Second, I discussed the model of emotions offered my Martha Nussbaum which claimed that emotions have an object, they are intentional and form beliefs about the object. This leads to the conclusion that rational emotions have some intelligence about them.

From this, I moved onto discussing anger specifically and engaged with Amia Srinivasan’s discussion of when anger is genuine. Her concerns were largely political but I attempted to expand her definition to non-moral violations. In other words, I asked and answered whether you can rightfully be angry at an impairment without being angry at another person. The following section argued that it appropriate when the impairment is harmful, and sets back your interests unfairly by significantly limiting your life projects. This can be seen as disabling. Due to this, we have an intermediate conclusion that because you can be angry at a disabling impairment. The social model of disability does not accept that impairments are disabling so the social model goes askew.

There was possible resistance to my argument by saying it does not matter whether you can but you should not be angry.
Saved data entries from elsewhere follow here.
(* For every Young diagram $\mu$ with $m=|\mu|$ and every $n\ge1$, $$(T_n-\mathbf 1)(FS_\mu)_n=-\frac{m(m-1+zz')}{(n+1)(zz'+n)}(FS_\mu)_n+\frac{n+1-m}{(n+1)(zz'+n)}\sum_{\mu_\bullet\nearrow\mu}(z)_{\mu/\mu_\bullet}(z')_{\mu/\mu_\bullet}(FS_{\mu_\bullet})_n.$$
   Context: $\mathbb Y$ is the set of all Young diagrams (including $\varnothing$), $\mathbb Y_n$ those with $n$ boxes, $|\lambda|$ the number of boxes; $\mu\nearrow\lambda$ (equivalently $\lambda\searrow\mu$) means $\mu\subset\lambda$, $|\lambda|=|\mu|+1$. For a skew diagram $\theta$, $(z)_\theta=\prod_{(i,j)\in\theta}(z+j-i)$ ($(i,j)$ = box in row $i$, column $j$). $\dim\lambda$ is the number of standard Young tableaux of shape $\lambda$ ($\dim\varnothing=1$); $\dim(\mu,\lambda)$ is the number of chains $\mu\nearrow\cdots\nearrow\lambda$. Modified Frobenius coordinates: $\lambda=(a_1,\dots,a_d\mid b_1,\dots,b_d)$, $d$ the number of diagonal boxes, $a_i=\lambda_i-i+\frac12$, $b_i=\lambda'_i-i+\frac12$. $(z,z')$ is fixed in the principal series ($z\notin\mathbb R$, $z'=\bar z$) or complementary series ($z,z'\in(N,N+1)$, $N\in\mathbb Z$). Down transition $p^\downarrow(\nu,\lambda)=\dim\lambda/\dim\nu$ if $\lambda\nearrow\nu$, else 0; up transition for $\lambda\in\mathbb Y_n$: $p^\uparrow(\lambda,\nu)=\frac{(z)_{\nu/\lambda}(z')_{\nu/\lambda}}{zz'+n}\frac{\dim\nu}{(n+1)\dim\lambda}$ if $\nu\searrow\lambda$, else 0. $T_n$ acts on real functions $g$ on $\mathbb Y_n$ by $(T_ng)(\lambda)=\sum_{\nu\in\mathbb Y_{n+1}}p^\uparrow(\lambda,\nu)\sum_{\tilde\lambda\in\mathbb Y_n}p^\downarrow(\nu,\tilde\lambda)g(\tilde\lambda)$; $\mathbf 1$ is the identity. $\Lambda=\mathbb R[p_1,p_2,\dots]$ (symmetric functions) is viewed as functions on $\mathbb Y$ via $p_k(\lambda)=\sum_ia_i^k+(-1)^{k-1}\sum_ib_i^k$; $f_n$ is the restriction of $f\in\Lambda$ to $\mathbb Y_n$. $FS_\mu\in\Lambda$ is the Frobenius–Schur function, characterized by $FS_\mu(\lambda)=n^{\downarrow m}\dim(\mu,\lambda)/\dim\lambda$ for all $\lambda$ ($n=|\lambda|$, $m=|\mu|$, $n^{\downarrow m}=n(n-1)\cdots(n-m+1)$). *)

theory Defs
  imports Complex_Main
begin

definition young :: "nat list \<Rightarrow> bool" where
  "young la \<longleftrightarrow> sorted_wrt (\<ge>) la \<and> (\<forall>r \<in> set la. 0 < r)"

definition boxes :: "nat list \<Rightarrow> (nat \<times> nat) set" where
  "boxes la = {(i, j). 1 \<le> i \<and> i \<le> length la \<and> 1 \<le> j \<and> j \<le> la ! (i - 1)}"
This follows a long list of people rejecting the usefulness or value of angry but the charge remained unsuccessful for two reasons. Anger can be very useful via its epistemic productivity and asking whether you should be angry can miss the point because emotions do not need to be justified in terms of whether they are productive. They can simply be appropriate. As a result of this discussion, I found that the social model rejects other emotions such as sadness because they can be directed towards the impairment.

Recognising the place anger and sadness have in a person’s understanding of impairment is not a flaw or a one-trip ticket to making people feel worse. To ignore it is to prevent people from ‘dealing with the difficult aspects of impairment’ and limit personal understanding of how impairments such as ‘depression, fatigue, chronic pain prevent us from realising our full potential’ (Crow, 1996). The experience of impairment is often dynamic and invites a range of difficult emotions and the social model of disability cannot appreciate this. For this reason, I argue we should move on from it.


 

And that’s it. It took a lot of thinking, reading and personal revelations to finish but I’ve learned a lot.

I’ve learned that I care much more about disability than I ever thought I would.

I’ve learned that there’s a lot of good literature out there on disability (even if much of it is skewed towards the social model).

I’ve learned that thinking about things for a long time is difficult and frustrating but very satisfying when it works out in the end.

Libraries fill up too quickly. People actually sleep in the library which is kinda mad because why would you do that

Books on disability are ironically placed on the top shelves in some libraries.

I have a lot to learn yet.

I hope you enjoyed it.


 

I won’t post the whole reference list (unless someone asks, I had like 0.3 books on it anyway) but here are some of the most important pieces I used:

  • Lorde, Audre. 1984. The Uses of Anger: Women Responding to Racism, Women and Language, 11.1, December 1987
  • Nussbaum, Martha, Upheaval of Thought, Cambridge University Press, 2001
  • Seneca, Lucius Annasus., On Anger, in ‘Moral Essays vol.1’, Trans. John W. Basore, The Loeb Classical Library, London: W. Heinemann, 1928
  • Shakespeare, Tom., Disability Rights and Wrongs, Routledge, 2006
  • Srinivasan, Amia., The Aptness of Anger, 2015 [Available here: http://users.ox.ac.uk/~corp1468/Research_&_Writing_files/The%20Aptness%20of%20Anger_Current.pdf]

Ok, I’ll stop talking now. Bye. Back to regular content.